Work request
Nothing in the data may be altered as it is transcribed.

Data shown
theorem corollary4p1:
  fixes f :: "real \<Rightarrow> complex" and r :: real and \<alpha> :: complex
  assumes meas: "set_borel_measurable lebesgue {1..} f"
    and bdd: "\<exists>C. AE t in lebesgue. t \<in> {1..} \<longrightarrow> norm (f t) \<le> C"
    and r: "r > 0"
  shows "((\<lambda>x. complex_of_real (r / x powr r) *
            (LINT t:{1..x}|lebesgue. complex_of_real (t powr (r - 1)) * f t)) \<longlongrightarrow> \<alpha>) at_top
     \<longleftrightarrow> ((\<lambda>x. complex_of_real (r * x powr r) *
            (LINT t:{x..}|lebesgue. f t / complex_of_real (t powr (r + 1)))) \<longlongrightarrow> \<alpha>) at_top"
proof -
  define g where "g = (\<lambda>t. indicator {1..} t *\<^sub>R f t)"
  have g: "g \<in> borel_measurable lebesgue"
    using meas by (simp add: set_borel_measurable_def g_def)
  obtain C where "AE t in lebesgue. t \<in> {1..} \<longrightarrow> norm (f t) \<le> C"
    using bdd by blast
  then have "AE t in lebesgue. t \<ge> 1 \<longrightarrow> norm (g t) \<le> C"
    by eventually_elim (simp add: g_def)
  note limits = tendsto_head_average_iff_tendsto_tail_average[OF r g this]
  have "t powr (- r - 1) = inverse (t powr (r + 1))" if "t > 0" for t
    using that by (simp flip: powr_minus)
  then have "(LINT t:{x..}|lebesgue. f t / complex_of_real (t powr (r + 1))) =
      (LINT t:{x..}|lebesgue. t powr (- r - 1) *\<^sub>R f t)" if "x \<ge> 1" for x
    using that by (intro set_lebesgue_integral_cong)
      (auto simp: scaleR_conv_of_real divide_inverse of_real_inverse mult.commute)
  then have tail: "\<forall>\<^sub>F x in at_top. tail_average r g x = complex_of_real (r * x powr r) *
      (LINT t:{x..}|lebesgue. f t / complex_of_real (t powr (r + 1)))"
    unfolding eventually_at_top_linorder g_def
    by (intro exI[of _ 1] allI impI, subst tail_average_indicator_atLeast)
      (simp_all add: scaleR_conv_of_real)
  have head: "(\<lambda>x. complex_of_real (r / x powr r) *
      (LINT t:{1..x}|lebesgue. complex_of_real (t powr (r - 1)) * f t)) = head_average r g"
    by (rule ext) (unfold g_def head_average_indicator_atLeast, simp only: scaleR_conv_of_real)
  show ?thesis
    unfolding head limits using tail by (rule tendsto_cong)
qed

Answer to this problem
theorem corollary4p1:
  fixes f :: "real \<Rightarrow> complex" and r :: real and \<alpha> :: complex
  assumes meas: "set_borel_measurable lebesgue {1..} f"
    and bdd: "\<exists>C. AE t in lebesgue. t \<in> {1..} \<longrightarrow> norm (f t) \<le> C"
    and r: "r > 0"
  shows "((\<lambda>x. complex_of_real (r / x powr r) *
            (LINT t:{1..x}|lebesgue. complex_of_real (t powr (r - 1)) * f t)) \<longlongrightarrow> \<alpha>) at_top
     \<longleftrightarrow> ((\<lambda>x. complex_of_real (r * x powr r) *
            (LINT t:{x..}|lebesgue. f t / complex_of_real (t powr (r + 1)))) \<longlongrightarrow> \<alpha>) at_top"
proof -
  define g where "g = (\<lambda>t. indicator {1..} t *\<^sub>R f t)"
  have g: "g \<in> borel_measurable lebesgue"
    using meas by (simp add: set_borel_measurable_def g_def)
  obtain C where "AE t in lebesgue. t \<in> {1..} \<longrightarrow> norm (f t) \<le> C"
    using bdd by blast
  then have "AE t in lebesgue. t \<ge> 1 \<longrightarrow> norm (g t) \<le> C"
    by eventually_elim (simp add: g_def)
  note limits = tendsto_head_average_iff_tendsto_tail_average[OF r g this]
  have "t powr (- r - 1) = inverse (t powr (r + 1))" if "t > 0" for t
    using that by (simp flip: powr_minus)
  then have "(LINT t:{x..}|lebesgue. f t / complex_of_real (t powr (r + 1))) =
      (LINT t:{x..}|lebesgue. t powr (- r - 1) *\<^sub>R f t)" if "x \<ge> 1" for x
    using that by (intro set_lebesgue_integral_cong)
      (auto simp: scaleR_conv_of_real divide_inverse of_real_inverse mult.commute)
  then have tail: "\<forall>\<^sub>F x in at_top. tail_average r g x = complex_of_real (r * x powr r) *
      (LINT t:{x..}|lebesgue. f t / complex_of_real (t powr (r + 1)))"
    unfolding eventually_at_top_linorder g_def
    by (intro exI[of _ 1] allI impI, subst tail_average_indicator_atLeast)
      (simp_all add: scaleR_conv_of_real)
  have head: "(\<lambda>x. complex_of_real (r / x powr r) *
      (LINT t:{1..x}|lebesgue. complex_of_real (t powr (r - 1)) * f t)) = head_average r g"
    by (rule ext) (unfold g_def head_average_indicator_atLeast, simp only: scaleR_conv_of_real)
  show ?thesis
    unfolding head limits using tail by (rule tendsto_cong)
qed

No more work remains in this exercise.